Какой тут поднялся шум и треск! Большой радиоприемник начал передавать известия из Москвы. Младший его брат нагревался и ждал своей очереди. Накалялся электрический кофейник. Из бака в душ хлынула вода. Фрост-Форестье встал под струю. Занавеска из пластика, отделяющая угол с душем, осталась откинутой. Принимая душ, Фрост-Форестье обозревал поле своих стратегических битв. А его обдавало то горячим, то холодным дождем. Фрост-Форестье был тренированным, хорошо сложенным мужчиной. Растирался он после душа грубым махровым оливкового цвета полотенцем американского производства — голый человек, на пустынном дворе казармы. Кожа его раскраснелась. В Москве ничего нового. Призывы к советскому народу. Фрост-Форестье ввел в бой муз, он включил музыку. Рядом с душем стоял турник. Фрост-Форестье занял исходное положение: чисто вымытые руки на чисто вымытых бедрах. Он подпрыгнул, подтянулся, опустился. Снова занял исходное положение. Лицо его было серьезным. Вилка электрической бритвы вошла в розетку. Фрост-Форестье брился под негромкое жужжание. Передачу в большом приемнике перебили помехи. Фрост-Форестье выключил большой приемник. Время муз истекло. Он взял ватный тампон и протер лицо крепким, щиплющим кожу одеколоном. Тампон исчез под патентованной крышкой гигиенического бачка. Кое-где на лице появилось раздражение. Фрост-Форестье накинул на себя халат, свою власяницу, и опоясался красным галстуком. Теперь пришел черед маленького приемника. Приемник затрещал и произнес: «Доре нужны валенки». Фрост-Форестье прислушался. Маленький приемник повторил: «Доре нужны пеленки». Кроме этого, маленькому приемнику сказать было нечего.
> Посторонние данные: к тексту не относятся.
lemma block_null_space_property_if_less_INF:
  assumes "1 < q"
    and "ereal (real k) < (INF z \<in> kernel m (p * n) A - {\<lambda>_. 0}. ereal (twofac q * kq p n q z))"
  shows "block_null_space_property m p n A k"
  unfolding block_null_space_property_def
proof (intro ballI allI impI)
  fix h S
  assume h: "h \<in> kernel m (p * n) A - {\<lambda>_. 0}" and "S \<subseteq> {..<p}" "card S \<le> k"
  then have "h \<in> vecs (p * n)" "h \<noteq> (\<lambda>_. 0)"
    by (auto simp: kernel_def)
  have "real k < twofac q * kq p n q h"
    using order.strict_trans2[OF assms(2) INF_lower[OF h]] by simp
  with \<open>1 < q\<close> show "2 * (\<Sum>i\<in>S. block_norm n h i) < norm21 p n h"
    using \<open>h \<in> vecs (p * n)\<close> \<open>h \<noteq> (\<lambda>_. 0)\<close> \<open>S \<subseteq> {..<p}\<close> \<open>card S \<le> k\<close>
      twice_sum_block_norm_less_norm21_if_less_kq_inf
      twice_sum_block_norm_less_norm21_if_less_kq
    by (cases q) auto
qed

lemma matvec_diff:
  "matvec m N A (\<lambda>j. z j - x j) = (\<lambda>i. matvec m N A z i - matvec m N A x i)"
  by (auto simp: matvec_def right_diff_distrib sum_subtractf)

lemma diff_in_kernel:
  assumes "z \<in> vecs N" and "x \<in> vecs N" and "matvec m N A z = matvec m N A x"
  shows "(\<lambda>j. z j - x j) \<in> kernel m N A"
  using assms by (simp add: kernel_def vecs_def matvec_diff)
(* For all $A,B\in{\sf Frm}$: if $\vdash_{\sf WF_{N_2}}A\vee B$, then $\vdash_{\sf WF_{N_2}}A$ or $\vdash_{\sf WF_{N_2}}B$.
   Context: Language: countably many atoms $p,q,\dots$, the constant $\bot$, and binary connectives $\wedge,\vee,\rightarrow$ ($\rightarrow$ is strict implication). ${\sf Frm}$ is the set of formulas built from atoms and $\bot$ with $\wedge,\vee,\rightarrow$; $A,B,C,D$ range over ${\sf Frm}$. The Hilbert system ${\sf WF_{N_2}}$ over ${\sf Frm}$ has axiom schemes $A\rightarrow(A\vee B)$; $B\rightarrow(A\vee B)$; $(A\wedge B)\rightarrow A$; $(A\wedge B)\rightarrow B$; $A\wedge(B\vee C)\rightarrow(A\wedge B)\vee(A\wedge C)$; $A\rightarrow A$; $\bot\rightarrow A$; and rules (from theorems to a theorem): from $A$ and $A\rightarrow B$ infer $B$; from $A$ infer $B\rightarrow A$; from $A\rightarrow B$ and $B\rightarrow C$ infer $A\rightarrow C$; from $A\rightarrow B$ and $A\rightarrow C$ infer $A\rightarrow(B\wedge C)$; from $A\rightarrow C$ and $B\rightarrow C$ infer $(A\vee B)\rightarrow C$; from $A$ and $B$ infer $A\wedge B$; (${\sf N_2}$) from $C\rightarrow A\vee D$ and $C\wedge B\rightarrow D$ infer $(A\rightarrow B)\rightarrow(C\rightarrow D)$. $\vdash_{\sf WF_{N_2}}A$ means $A$ is a theorem of this system. *)

theory Defs
  imports Main
begin

datatype frm =
    Atom nat
  | Bot
  | Conj frm frm
  | Disj frm frm
  | Imp frm frm

inductive thm_WFN2 :: "frm \<Rightarrow> bool" where
  ax_disjI1: "thm_WFN2 (Imp A (Disj A B))"
| ax_disjI2: "thm_WFN2 (Imp B (Disj A B))"
| ax_conjE1: "thm_WFN2 (Imp (Conj A B) A)"
| ax_conjE2: "thm_WFN2 (Imp (Conj A B) B)"
| ax_distr: "thm_WFN2 (Imp (Conj A (Disj B C)) (Disj (Conj A B) (Conj A C)))"
| ax_refl: "thm_WFN2 (Imp A A)"
| ax_bot: "thm_WFN2 (Imp Bot A)"
| r_mp: "thm_WFN2 A \<Longrightarrow> thm_WFN2 (Imp A B) \<Longrightarrow> thm_WFN2 B"
| r_weak: "thm_WFN2 A \<Longrightarrow> thm_WFN2 (Imp B A)"
| r_trans: "thm_WFN2 (Imp A B) \<Longrightarrow> thm_WFN2 (Imp B C) \<Longrightarrow> thm_WFN2 (Imp A C)"
| r_conjI: "thm_WFN2 (Imp A B) \<Longrightarrow> thm_WFN2 (Imp A C) \<Longrightarrow> thm_WFN2 (Imp A (Conj B C))"
| r_disjE: "thm_WFN2 (Imp A C) \<Longrightarrow> thm_WFN2 (Imp B C) \<Longrightarrow> thm_WFN2 (Imp (Disj A B) C)"
| r_adj: "thm_WFN2 A \<Longrightarrow> thm_WFN2 B \<Longrightarrow> thm_WFN2 (Conj A B)"
| r_N2: "thm_WFN2 (Imp C (Disj A D)) \<Longrightarrow> thm_WFN2 (Imp (Conj C B) D)
         \<Longrightarrow> thm_WFN2 (Imp (Imp A B) (Imp C D))"

end

theory Submission
  imports Defs
begin

text \<open>Aczel slash: F is slashed if it is a theorem and its main connective is
realized by slashed components, reading strict implication as a map from slashed
antecedents to slashed consequents. Every rule of WF_N2 preserves the slash, so
every theorem is slashed; a slashed disjunction has a slashed, hence provable, disjunct.\<close>

fun slashed :: "frm \<Rightarrow> bool" where
  "slashed (Atom n) = thm_WFN2 (Atom n)"
| "slashed Bot = False"
| "slashed (Conj A B) = (thm_WFN2 (Conj A B) \<and> slashed A \<and> slashed B)"
| "slashed (Disj A B) = (thm_WFN2 (Disj A B) \<and> (slashed A \<or> slashed B))"
| "slashed (Imp A B) = (thm_WFN2 (Imp A B) \<and> (slashed A \<longrightarrow> slashed B))"

lemma thm_WFN2_if_slashed: "slashed F \<Longrightarrow> thm_WFN2 F"
  by (cases F) auto

lemma slashed_Imp_N2:
  assumes provable: "thm_WFN2 (Imp (Imp A B) (Imp C D))"
    and left: "slashed C \<Longrightarrow> slashed A \<or> slashed D"
    and right: "slashed (Conj C B) \<Longrightarrow> slashed D"
  shows "slashed (Imp (Imp A B) (Imp C D))"
proof -
  have "slashed (Imp C D)" if AB: "slashed (Imp A B)"
  proof -
    have "thm_WFN2 (Imp C D)"
      using thm_WFN2_if_slashed[OF AB] provable by (rule r_mp)
    moreover have "slashed D" if C: "slashed C"
    proof -
      have "thm_WFN2 (Conj C B)" if "slashed B"
        using C that by (auto intro: r_adj thm_WFN2_if_slashed)
      then show ?thesis
        using left[OF C] AB C right by auto
    qed
    ultimately show ?thesis by simp
  qed
  with provable show ?thesis by simp
qed

theorem slashed_if_thm_WFN2: "thm_WFN2 F \<Longrightarrow> slashed F"
proof (induction rule: thm_WFN2.induct)
  case (ax_distr A B C)
  note ax = thm_WFN2.ax_distr[of A B C]
  show ?case
    using ax by (auto intro: thm_WFN2.intros r_mp[OF _ ax] thm_WFN2_if_slashed)
next
  case (r_N2 C A D B)
  then show ?case
    by (intro slashed_Imp_N2) (auto intro: thm_WFN2.r_N2)
qed (auto intro: thm_WFN2.intros thm_WFN2_if_slashed)

theorem corollary5p8:
  fixes A B :: frm
  assumes "thm_WFN2 (Disj A B)"
  shows "thm_WFN2 A \<or> thm_WFN2 B"
  using slashed_if_thm_WFN2[OF assms] by (auto dest: thm_WFN2_if_slashed)

end
lemma dirichlet_char_add_mult_level:
  assumes "dirichlet_char N eps"
  shows "eps (n + int (N * j)) = eps n"
proof (induction j)
  case (Suc j)
  have "eps (n + int (N * Suc j)) = eps ((n + int (N * j)) + int N)"
    by (simp add: algebra_simps)
  with Suc assms show ?case
    by (simp add: dirichlet_char_def)
qed simp

lemma square_relation_normalized_eigenform:
  assumes "normalized_eigenform k N eps f a" "d \<ge> 1"
  shows "(\<Sum>e | e dvd d. eps (int e) * of_nat e ^ (k - 1) * a (d * d div (e * e))) = a d * a d"
  using hecke_coeff_normalized_eigenform[OF assms, of d] by (simp add: hecke_coeff_def)

lemma (in padic_valuation) val_ge_weighted_char_diff_of_congruent_eigenforms:
  assumes f: "normalized_eigenform k Nf epsf f a" and g: "normalized_eigenform k Ng epsg g b"
    and int_a: "\<And>n. val_ge v 0 (a n)" and int_b: "\<And>n. val_ge v 0 (b n)"
    and int_eps: "\<And>n. val_ge v 0 (epsf n)"
    and cong: "\<And>m. coprime m M \<Longrightarrow> val_ge v t (a m - b m)"
    and "d \<ge> 1" "coprime d M"
  shows "val_ge v t (of_nat (d ^ (k - 1)) * (epsf (int d) - epsg (int d)))"
proof -
  have "val_ge v 0 (epsf (int n) * of_nat n ^ (k - 1))" for n
    using val_ge_mult[OF int_eps val_ge_power[OF val_ge_of_nat]] by simp
  then have "val_ge v t (epsf (int d) * of_nat d ^ (k - 1) - epsg (int d) * of_nat d ^ (k - 1))"
    using val_ge_weight_diff_of_square_relations[OF square_relation_normalized_eigenform[OF f]
        square_relation_normalized_eigenform[OF g] _ _ int_a int_b _ cong \<open>d \<ge> 1\<close> \<open>coprime d M\<close>]
      f g by (simp add: normalized_eigenform_def)
  then show ?thesis
    by (simp add: algebra_simps)
qed

lemma (in padic_valuation) val_ge_char_diff_at_prime_of_congruent_eigenforms:
  assumes "prime p" "\<not> p dvd Nf * Ng"
    and f: "normalized_eigenform k Nf epsf f a" and g: "normalized_eigenform k Ng epsg g b"
    and int_a: "\<And>n. val_ge v 0 (a n)" and int_b: "\<And>n. val_ge v 0 (b n)"
    and int_eps: "\<And>n. val_ge v 0 (epsf n)" "\<And>n. val_ge v 0 (epsg n)"
    and cong: "\<And>m. coprime m (Nf * Ng) \<Longrightarrow> val_ge v t (a m - b m)"
  shows "val_ge v t (epsf (int p) - epsg (int p))"
proof -
  define d where "d = p + Nf * Ng"
  have "d \<ge> 1" "\<not> p dvd d"
    using assms(2) prime_gt_0_nat[OF assms(1)] by (simp_all add: d_def dvd_add_right_iff)
  have "coprime d (Nf * Ng)"
    using prime_imp_coprime[OF assms(1,2)] unfolding d_def coprime_iff_gcd_eq_1 gcd_add1 .
  have "epsf (int d) = epsf (int p)" "epsg (int d) = epsg (int p)"
    using dirichlet_char_add_mult_level[OF dirichlet_char_normalized_eigenform[OF f], of "int p" Ng]
      dirichlet_char_add_mult_level[OF dirichlet_char_normalized_eigenform[OF g], of "int p" Nf]
    by (simp_all add: d_def mult.commute)
  then have "val_ge v t (of_nat (d ^ (k - 1)) * (epsf (int p) - epsg (int p)))"
    using val_ge_weighted_char_diff_of_congruent_eigenforms[OF f g int_a int_b int_eps(1) cong
        \<open>d \<ge> 1\<close> \<open>coprime d (Nf * Ng)\<close>] by simp
  moreover have "\<not> p dvd d ^ (k - 1)"
    using \<open>\<not> p dvd d\<close> assms(1) by (metis prime_dvd_power_nat power_0 prime_nat_iff)
  moreover have "algebraic (epsf (int p) - epsg (int p))"
    using int_eps by (auto simp: val_ge_def)
  ultimately show ?thesis
    using val_ge_cancel_of_nat[OF assms(1)] by blast
qed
Электрический кофейник дрожал, исходя паром. На крышке нетерпеливо заливался свисток — фабричная сирена оповещала о начале смены. Фрост-Форестье налил в чашку кофе. В чашку старинного прусского фарфора, декоративную чашку, достойную собрания коллекционера, Кетенхейве была знакома эта чашка. У нее отбита ручка. Фрост-Форестье обжегся, взяв налитую до краев чашку. И в тот раз, когда Кетенхейве заходил к нему, Фрост-Форестье тоже обжег себе пальцы. Каждое утро он обжигал себе пальцы. Чашку украшал цветной портрет Фридриха Великого. Король, напоминавший выражением лица меланхолическую борзую, оглядывал со своей чашки комнату. Фрост-Форестье взял бумажный носовой платок, обернул им чашку и короля и проглотил наконец свой горячий утренний напиток.
С момента, как прозвонил будильник, не прошло и четверти часа. Фрост-Форестье открыл комбинированный замок сейфа. Кетенхейве всегда потешался над этим сейфом. Сейф этот был прямо-таки находкой для любопытных. Здесь как бы в ожидании лежали документы, акты, биографии, письма, планы, пленки и магнитофонные ленты — каким приятным казался мальчику запах варенья в шкафу старой тетушки, — и многие с удовольствием извлекли бы кое-что отсюда. На столе — длинной неструганной доске на четырех козлах — стояли магнитофоны. Тут же лежали крошечный фотоаппаратик и фотоаппарат побольше. Воровское снаряжение! Документов теперь уже не крали, они оставались на своем месте, крали их тени. Голоса людей тоже можно было украсть.